Background: The Alberta Stroke Program Early CT Score (ASPECTS) is used to quantify the extent of injury to the brain following acute ischemic stroke (AIS) and to inform treatment decisions. The e-ASPECTS software uses artificial intelligence methods to automatically process non-contrast CT (NCCT) brain scans from patients with AIS affecting the middle cerebral artery (MCA) territory and generate an ASPECTS. This study aimed to evaluate the impact of e-ASPECTS (Brainomix, Oxford, UK) on the performance of US physicians compared to a consensus ground truth.

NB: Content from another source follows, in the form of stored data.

lemma flipped_fan_noncrossing:
  assumes "diagonal n {i, j}" "e \<in> flipped_fan n i j" "f \<in> flipped_fan n i j"
  shows "\<not> crosses e f"
proof -
  have "j < n" "3 \<le> n" "i < n" "i \<noteq> j"
    using assms(1) diagonal_imp_four_le[OF assms(1)] by (simp_all add: diagonal_doubleton_iff)
  have fan_ear: "\<not> crosses (ear_cover n j) {i, k}" if "diagonal n {i, k}" "k \<noteq> j" for k
    using that \<open>j < n\<close> \<open>3 \<le> n\<close> \<open>i < n\<close> \<open>i \<noteq> j\<close>
    by (intro not_crosses_ear_cover) (simp_all add: diagonal_doubleton_iff)
  have ear_ear: "\<not> crosses (ear_cover n j) (ear_cover n j)"
    unfolding ear_cover_def by (rule not_crosses_common_endpoint)
  consider "e = ear_cover n j" | k where "e = {i, k}" "diagonal n {i, k}" "k \<noteq> j"
    using assms(2) unfolding flipped_fan_def by blast
  moreover consider "f = ear_cover n j" | l where "f = {i, l}" "diagonal n {i, l}" "l \<noteq> j"
    using assms(3) unfolding flipped_fan_def by blast
  ultimately show ?thesis
    using ear_ear fan_ear not_crosses_common_endpoint crosses_commute by metis
qed

lemma flipped_fan_maximal:
  assumes "diagonal n {i, j}" "diagonal n e" "e \<notin> flipped_fan n i j"
  shows "\<exists>f\<in>flipped_fan n i j. crosses e f"
proof -
  obtain x y where e: "e = {x, y}" "x < y"
    using assms(2) by (elim diagonalE) blast
  show ?thesis
  proof (cases "i \<in> {x, y}")
    case True
    then obtain k where "e = {i, k}" using e(1) by blast
    with assms(2,3) have "e = {i, j}" unfolding flipped_fan_def by blast
    then have "crosses e (ear_cover n j)"
      using ear_cover_crosses_diagonal[OF assms(1)] crosses_commute by blast
    then show ?thesis unfolding flipped_fan_def by blast
  next
    case False
    have "i < n" using assms(1) by (simp add: diagonal_doubleton_iff)
    moreover have "{x, y} \<noteq> ear_cover n j" using assms(3) e(1) unfolding flipped_fan_def by blast
    ultimately obtain k where "diagonal n {i, k}" "k \<noteq> j" "crosses {x, y} {i, k}"
      using fan_diagonal_crossing[OF assms(2)[unfolded e(1)] e(2)] False by blast
    then show ?thesis unfolding flipped_fan_def e(1) by blast
  qed
qed

lemma triangulation_flipped_fan:
  "diagonal n {i, j} \<Longrightarrow> triangulation n (flipped_fan n i j)"
  unfolding triangulation_def
  using flipped_fan_diagonals flipped_fan_noncrossing flipped_fan_maximal by blast

theorem mainTheorem10:
  fixes n k i j :: nat and B :: "nat set set"
  assumes "nk_blocker n k B"
    and "i < n" and "j < n"
    and "{e \<in> B. i \<in> e} = {{i, j}}"
  shows "ear_cover n j \<in> B"
proof -
  have blocker: "blocker n B"
    using assms(1) by (simp add: nk_blocker_def saturated_blocker_def)
  have "{i, j} \<in> B" using assms(4) by blast
  with blocker have "diagonal n {i, j}" by (simp add: blocker_def)
  then have "B \<inter> flipped_fan n i j \<noteq> {}"
    using blocker triangulation_flipped_fan by (simp add: blocker_def)
  then obtain e where e: "e \<in> B" "e \<in> flipped_fan n i j" by blast
  show ?thesis
  proof (rule ccontr)
    assume "ear_cover n j \<notin> B"
    with e have "e \<in> {{i, k} | k. diagonal n {i, k} \<and> k \<noteq> j}"
      by (auto simp: flipped_fan_def)
    then obtain k where k: "e = {i, k}" "k \<noteq> j" by blast
    with e(1) have "e \<in> {e \<in> B. i \<in> e}" by simp
    with k(1) have "{i, k} = {i, j}" unfolding assms(4) by simp
    with k(2) show False by (simp add: doubleton_eq_iff)
  qed
qed

end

Methods: The study used a multi-reader, multi-case design. A total of 10 US board-certified physicians (neurologists and neuroradiologists) scored 54 NCCT brain scans of patients with AIS affecting the MCA territory. Each reader scored each scan on two occasions: once with and once without reference to the e-ASPECTS software, in random order. Agreement with a reference standard (expert consensus read with reference to follow-up imaging) was evaluated with and without software support.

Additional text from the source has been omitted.